Linux is not targeted as 'evil corporate product' like MS because there is not a single person/corporation to target.
The default assumption that Linux sources is available and can be modified for each environment is FUD since a multi-million dollar software/hardware installation will not be able to have downtime in months or years whilst the linux source is being fixed to meet their buisness needs.
Anyway, I'm pretty sure that Bill would know what a pain in the ass it is for an operating system to have a bunch of divergent and not always compatible offerings available.
Can anyone tell me how to set my sig on Slashdot?
I'll spork your ass! :-)
zWhat would an EWOULDBLOCK block, if an EWOULDBLOCK could block would? -- me
Be vewy, vewy quiet...
I think a serious Linux fork would be no problem at all, thanks to the GPL. If it had features the official kernel lacked -- an almost certain proposition -- we can assume that these features would get eventually merged in. Of course, worst case scenario most Linux software can also run on BSD.

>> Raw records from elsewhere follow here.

(* A morphism $g:(V,f,h)\to(V',f',h')$ in the category $\mathcal R(P,I)$ is a monomorphism in $\mathcal R(P,I)$ if and only if $g$ is injective (at every vertex), and it is an epimorphism in $\mathcal R(P,I)$ if and only if $g$ is surjective (at every vertex).
   Context: Let $\tilde Q$ be a finite acyclic quiver, $P$ a fixed projective representation and $I$ a fixed injective representation of $\tilde Q$ over $\mathbb C$ (finite-dimensional). The category $\mathcal R(P,I)$ has as objects triples $(V,f,h)$ with $V$ a finite-dimensional representation of $\tilde Q$, $f:P\to V$ and $h:V\to I$ morphisms of representations; a morphism $(V,f,h)\to(V',f',h')$ is a morphism of representations $g:V\to V'$ with $g\circ f=f'$ and $h'\circ g=h$; composition is composition of representation morphisms. *)

theory Defs
  imports Complex_Main "Jordan_Normal_Form.Matrix"
begin

text \<open>A finite-dimensional representation over the complex numbers is
given (up to isomorphism, in coordinates) by a dimension vector and, for every arrow a,
a complex matrix representing the linear map from the space at src a to the space at tgt a.\<close>

record ('v, 'e) qrep =
  dimv :: "'v \<Rightarrow> nat"
  amap :: "'e \<Rightarrow> complex mat"

definition acyclic_quiver :: "('e \<Rightarrow> 'v) \<Rightarrow> ('e \<Rightarrow> 'v) \<Rightarrow> bool" where
  "acyclic_quiver src tgt \<longleftrightarrow> acyclic {(src a, tgt a) | a. True}"

definition is_rep :: "('e \<Rightarrow> 'v) \<Rightarrow> ('e \<Rightarrow> 'v) \<Rightarrow> ('v, 'e) qrep \<Rightarrow> bool" where
  "is_rep src tgt V \<longleftrightarrow>
     (\<forall>a. amap V a \<in> carrier_mat (dimv V (tgt a)) (dimv V (src a)))"

definition rep_hom ::
  "('e \<Rightarrow> 'v) \<Rightarrow> ('e \<Rightarrow> 'v) \<Rightarrow> ('v, 'e) qrep \<Rightarrow> ('v, 'e) qrep \<Rightarrow> ('v \<Rightarrow> complex mat) \<Rightarrow> bool" where
  "rep_hom src tgt V W g \<longleftrightarrow>
     (\<forall>i. g i \<in> carrier_mat (dimv W i) (dimv V i)) \<and>
     (\<forall>a. g (tgt a) * amap V a = amap W a * g (src a))"

definition hom_comp :: "('v \<Rightarrow> complex mat) \<Rightarrow> ('v \<Rightarrow> complex mat) \<Rightarrow> ('v \<Rightarrow> complex mat)" where
  "hom_comp g2 g1 = (\<lambda>i. g2 i * g1 i)"

definition mat_inj :: "complex mat \<Rightarrow> bool" where
  "mat_inj A \<longleftrightarrow> (\<forall>x\<in>carrier_vec (dim_col A). \<forall>y\<in>carrier_vec (dim_col A).
                     A *\<^sub>v x = A *\<^sub>v y \<longrightarrow> x = y)"

definition mat_surj :: "complex mat \<Rightarrow> bool" where
  "mat_surj A \<longleftrightarrow> (\<forall>y\<in>carrier_vec (dim_row A). \<exists>x\<in>carrier_vec (dim_col A). A *\<^sub>v x = y)"

text \<open>Projective and injective representations (in the category of finite-dimensional
representations, whose epimorphisms/monomorphisms are the vertexwise surjective/injective morphisms).\<close>
definition projective_rep :: "('e \<Rightarrow> 'v) \<Rightarrow> ('e \<Rightarrow> 'v) \<Rightarrow> ('v, 'e) qrep \<Rightarrow> bool" where
  "projective_rep src tgt P \<longleftrightarrow> is_rep src tgt P \<and>
     (\<forall>X Y p u. is_rep src tgt X \<and> is_rep src tgt Y \<and> rep_hom src tgt X Y p \<and>
        (\<forall>i. mat_surj (p i)) \<and> rep_hom src tgt P Y u \<longrightarrow>
        (\<exists>v. rep_hom src tgt P X v \<and> hom_comp p v = u))"

definition injective_rep :: "('e \<Rightarrow> 'v) \<Rightarrow> ('e \<Rightarrow> 'v) \<Rightarrow> ('v, 'e) qrep \<Rightarrow> bool" where
  "injective_rep src tgt I \<longleftrightarrow> is_rep src tgt I \<and>
     (\<forall>X Y m u. is_rep src tgt X \<and> is_rep src tgt Y \<and> rep_hom src tgt X Y m \<and>
        (\<forall>i. mat_inj (m i)) \<and> rep_hom src tgt X I u \<longrightarrow>
        (\<exists>v. rep_hom src tgt Y I v \<and> hom_comp v m = u))"

definition R_obj ::
  "('e \<Rightarrow> 'v) \<Rightarrow> ('e \<Rightarrow> 'v) \<Rightarrow> ('v, 'e) qrep \<Rightarrow> ('v, 'e) qrep \<Rightarrow>
   ('v, 'e) qrep \<times> ('v \<Rightarrow> complex mat) \<times> ('v \<Rightarrow> complex mat) \<Rightarrow> bool" where
  "R_obj src tgt P I X \<longleftrightarrow> (case X of (V, f, h) \<Rightarrow>
     is_rep src tgt V \<and> rep_hom src tgt P V f \<and> rep_hom src tgt V I h)"

definition R_mor ::
  "('e \<Rightarrow> 'v) \<Rightarrow> ('e \<Rightarrow> 'v) \<Rightarrow> ('v, 'e) qrep \<Rightarrow> ('v, 'e) qrep \<Rightarrow>
   ('v, 'e) qrep \<times> ('v \<Rightarrow> complex mat) \<times> ('v \<Rightarrow> complex mat) \<Rightarrow>
   ('v, 'e) qrep \<times> ('v \<Rightarrow> complex mat) \<times> ('v \<Rightarrow> complex mat) \<Rightarrow>
   ('v \<Rightarrow> complex mat) \<Rightarrow> bool" where
  "R_mor src tgt P I X Y g \<longleftrightarrow> R_obj src tgt P I X \<and> R_obj src tgt P I Y \<and>
     (case X of (V, f, h) \<Rightarrow> case Y of (V', f', h') \<Rightarrow>
        rep_hom src tgt V V' g \<and> hom_comp g f = f' \<and> hom_comp h' g = h)"

definition R_mono ::
  "('e \<Rightarrow> 'v) \<Rightarrow> ('e \<Rightarrow> 'v) \<Rightarrow> ('v, 'e) qrep \<Rightarrow> ('v, 'e) qrep \<Rightarrow>
   ('v, 'e) qrep \<times> ('v \<Rightarrow> complex mat) \<times> ('v \<Rightarrow> complex mat) \<Rightarrow>
   ('v, 'e) qrep \<times> ('v \<Rightarrow> complex mat) \<times> ('v \<Rightarrow> complex mat) \<Rightarrow>
   ('v \<Rightarrow> complex mat) \<Rightarrow> bool" where
  "R_mono src tgt P I X Y g \<longleftrightarrow> R_mor src tgt P I X Y g \<and>
     (\<forall>Z g1 g2. R_mor src tgt P I Z X g1 \<and> R_mor src tgt P I Z X g2 \<and>
        hom_comp g g1 = hom_comp g g2 \<longrightarrow> g1 = g2)"

definition R_epi ::
  "('e \<Rightarrow> 'v) \<Rightarrow> ('e \<Rightarrow> 'v) \<Rightarrow> ('v, 'e) qrep \<Rightarrow> ('v, 'e) qrep \<Rightarrow>
   ('v, 'e) qrep \<times> ('v \<Rightarrow> complex mat) \<times> ('v \<Rightarrow> complex mat) \<Rightarrow>
   ('v, 'e) qrep \<times> ('v \<Rightarrow> complex mat) \<times> ('v \<Rightarrow> complex mat) \<Rightarrow>
   ('v \<Rightarrow> complex mat) \<Rightarrow> bool" where
  "R_epi src tgt P I X Y g \<longleftrightarrow> R_mor src tgt P I X Y g \<and>
     (\<forall>Z g1 g2. R_mor src tgt P I Y Z g1 \<and> R_mor src tgt P I Y Z g2 \<and>
        hom_comp g1 g = hom_comp g2 g \<longrightarrow> g1 = g2)"

end

theory Submission
  imports Defs "Jordan_Normal_Form.Gauss_Jordan_Elimination"
begin

text \<open>Vertexwise injective (surjective) matrices are left (right) cancellable, which gives one
direction of both equivalences. Conversely, if g is not injective at some vertex, push a kernel
vector of g forward along the arrows until the next push would kill it; acyclicity makes this
terminate in a nonzero kernel vector Y at a vertex j annihilated by every arrow out of j.
Adjoining to V a one-dimensional space with zero arrows at each vertex gives an object of R(P,I),
and the maps [1 | y] and [1 | 0] from it to (V,f,h), with y equal to Y at j and 0 elsewhere, are
distinct morphisms of R(P,I) (h Y = h' g Y = 0) with the same composite with g. Dually, a nonzero
row vector Y with Y g = 0 that annihilates all arrows into its vertex gives two distinct maps
[1; y] and [1; 0] out of (V',f',h') with the same composite with g.\<close>

section \<open>Injectivity and surjectivity of matrices\<close>

lemma eq_mat_by_mult_vecI:
  fixes A B :: "'a::comm_ring_1 mat"
  assumes A: "A \<in> carrier_mat m n" and B: "B \<in> carrier_mat m n"
    and eq: "\<And>v. v \<in> carrier_vec n \<Longrightarrow> A *\<^sub>v v = B *\<^sub>v v"
  shows "A = B"
proof (rule eq_matI)
  fix i j assume i: "i < dim_row B" and j: "j < dim_col B"
  have "A $$ (i, j) = (A *\<^sub>v unit_vec n j) $ i" using A B i j by simp
  also have "\<dots> = (B *\<^sub>v unit_vec n j) $ i" using eq[of "unit_vec n j"] by simp
  also have "\<dots> = B $$ (i, j)" using B i j by simp
  finally show "A $$ (i, j) = B $$ (i, j)" .
qed (use A B in auto)

lemma mat_inj_mult_left_cancel:
  assumes A: "A \<in> carrier_mat m n" and inj: "mat_inj A"
    and B1: "B1 \<in> carrier_mat n k" and B2: "B2 \<in> carrier_mat n k"
    and eq: "A * B1 = A * B2"
  shows "B1 = B2"
proof (rule mat_col_eqI)
  fix j assume j: "j < dim_col B2"
  have "A *\<^sub>v col B1 j = A *\<^sub>v col B2 j"
    using col_mult2[OF A B1, of j] col_mult2[OF A B2, of j] eq B2 j by simp
  then show "col B1 j = col B2 j" using inj A B1 B2 j unfolding mat_inj_def by auto
qed (use B1 B2 in auto)

lemma mat_surj_mult_right_cancel:
  assumes A: "A \<in> carrier_mat m n" and surj: "mat_surj A"
    and B1: "B1 \<in> carrier_mat k m" and B2: "B2 \<in> carrier_mat k m"
    and eq: "B1 * A = B2 * A"
  shows "B1 = B2"
proof (rule eq_mat_by_mult_vecI[OF B1 B2])
  fix y :: "complex vec" assume "y \<in> carrier_vec m"
  then obtain x where x: "x \<in> carrier_vec n" and y: "y = A *\<^sub>v x"
    using surj A unfolding mat_surj_def by auto
  have "B1 *\<^sub>v y = (B1 * A) *\<^sub>v x" using A B1 x y by (simp add: assoc_mult_mat_vec)
  also have "\<dots> = B2 *\<^sub>v y" unfolding eq using A B2 x y by (simp add: assoc_mult_mat_vec)
  finally show "B1 *\<^sub>v y = B2 *\<^sub>v y" .
qed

With the ego trips and lack of cohesion seen in many open source projects, a fork in any OSS is a real possibility. Nothing new hear; forks in OSS happen all the time. Could one happen with Linux? Sure, if Linus gets tired of it easily.
Perhaps it's Bill himself who should get forked.
I love these discussions of interoperability from Microsoft. I've been supporting Microsoft products for the last 10 years and...
1. Each new version of Windows breaks some applications. Discussions about how much effort Microsoft puts into being compatible with older products only have relevance to you if you are a multi-million $ consumer of Microsoft products. Everyone else just sucks up the cost of many application upgrades whenever another version of Windows comes out!
2. Microsoft's own products don't interoperate well. Flame me if you must, but I have personally experienced the difficulties of working with Word documents from one version of Office to the next. And I went through one interation of the Basic macro programming language in Office that caused me to scrap every damned macro I wrote and do it again from scratch (there may have been more than one, but I didn't ever consider it again so it wasn't my problem anymore).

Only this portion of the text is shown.